Last week, in a restaurant in Morecambe, Ged- the- lovely husband declared, "Really Gill, I think we should be paid to eat out with you." I had just sent back my lettuce with cheap mayonnaise and soggy croutons which had tried to pass itself off as a Caesar salad.
The waiter had been Italian. Zoe-the-11-year-old said, "How come he doesn't know what a Caesar salad is? Wasn't Julius Caesar Italian?"
I had tried one mouthful of the sloppy lettuce and, knowing what the answer would be, I asked the waiter if he could fetch some more anchovies from the kitchen. As predicted, he came back from the kitchen anchovy-less. "Chef does not put anchovies in the salad, so we have none. Sorry."
'Not as sorry as you'll be when I've finished with you' I thought. Ged and the kids groaned in unison at what was coming. I kindly explained to the waiter that if the menu said 'Classic Caesar Salad' then there must be anchovies in the dressing. Cheap, slimy catering-standard mayonnaise would not do as a substitute.
When I came home I decided to blog about it. I googled Caesar to find out his full name and . . . Horror! Wikipedia said that Caesar bloody Cardini NEVER put anchovies in his Caesar salad and that the slight anchovy taste came only from the Worcestershire sauce. NO!
I thought about trying to edit the Wikipedia entry but was a bit worried that my name would show up and I would be found out.
Ged said, "Well, do you think the salad you sent back had any Worcestershire sauce in it?"

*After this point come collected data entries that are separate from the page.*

lemma cong_I_sort_tail:
  assumes "(2::'k) \<noteq> 0" "q \<noteq> []"
  shows "\<exists>s m. sorted_wrt (<) m \<and> cong_I (sng (q @ l, 0)) (\<lambda>z. s * sng (q @ m, 0) z)"
  using assms(2)
proof (induction l arbitrary: q)
  case Nil
  show ?case by (intro exI[of _ 1] exI[of _ "[]"]) (simp add: cong_I_refl)
next
  case (Cons a l)
  obtain s m where m: "sorted_wrt (<) m" "cong_I (sng ((q @ [a]) @ l, 0)) (\<lambda>z. s * sng ((q @ [a]) @ m, 0) z)"
    using Cons.IH[of "q @ [a]"] by auto
  obtain s' m' where m': "sorted_wrt (<) m'" "cong_I (sng (q @ a # m, 0)) (\<lambda>z. s' * sng (q @ m', 0) z)"
    using cong_I_insert_sorted[OF assms(1) m(1) Cons.prems] by blast
  have "cong_I (\<lambda>z. s * sng (q @ a # m, 0) z) (\<lambda>z. (s * s') * sng (q @ m', 0) z)"
    using cong_I_scale[OF m'(2), of s] by (simp add: mult.assoc)
  then have "cong_I (sng (q @ a # l, 0)) (\<lambda>z. (s * s') * sng (q @ m', 0) z)"
    using cong_I_trans[of _ "\<lambda>z. s * sng (q @ a # m, 0) z"] m(2) by simp
  then show ?case using m'(1) by blast
qed

lemma cong_I_dword_basis:
  assumes "(2::'k) \<noteq> 0" "u \<in> dwords"
  shows "\<exists>s t. t \<in> lambda_basis \<and> cong_I (sng u) (\<lambda>z. s * sng t z)"
proof -
  obtain w k where u: "u = (w, k)" "k < length w" using assms(2) by (auto simp: dwords_def)
  obtain s m where m: "sorted_wrt (<) m"
    "cong_I (sng (w ! k # del_nth k w, 0)) (\<lambda>z. s * sng (w ! k # m, 0) z)"
    using cong_I_sort_tail[OF assms(1), of "[w ! k]" "del_nth k w"] by auto
  have "cong_I (sng u) (\<lambda>z. ((-1) ^ k * s) * sng (w ! k # m, 0) z)"
    using cong_I_trans[OF cong_I_dot_to_front[OF u(2)] cong_I_scale[OF m(2), of "(-1) ^ k"]] u(1)
    by (simp add: mult.assoc)
  moreover have "(w ! k # m, 0) \<in> lambda_basis" using m(1) by (simp add: lambda_basis_def)
  ultimately show ?thesis by blast
qed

"Well then, you were perfectly justified in sending it back."
Yes, I was justified in sending it back because it was inedible slop but I was still wrong about the anchovies I HATE to be wrong. I need to know that I'm not the only one who thought there were anchovies in a Caesar (besides the smidgen in the Worcestershire sauce). What about you Matthew Fort? And the lovely Nigella, would you have thought there was an anchovy lurking in a decent Caesar? Please say you did. . .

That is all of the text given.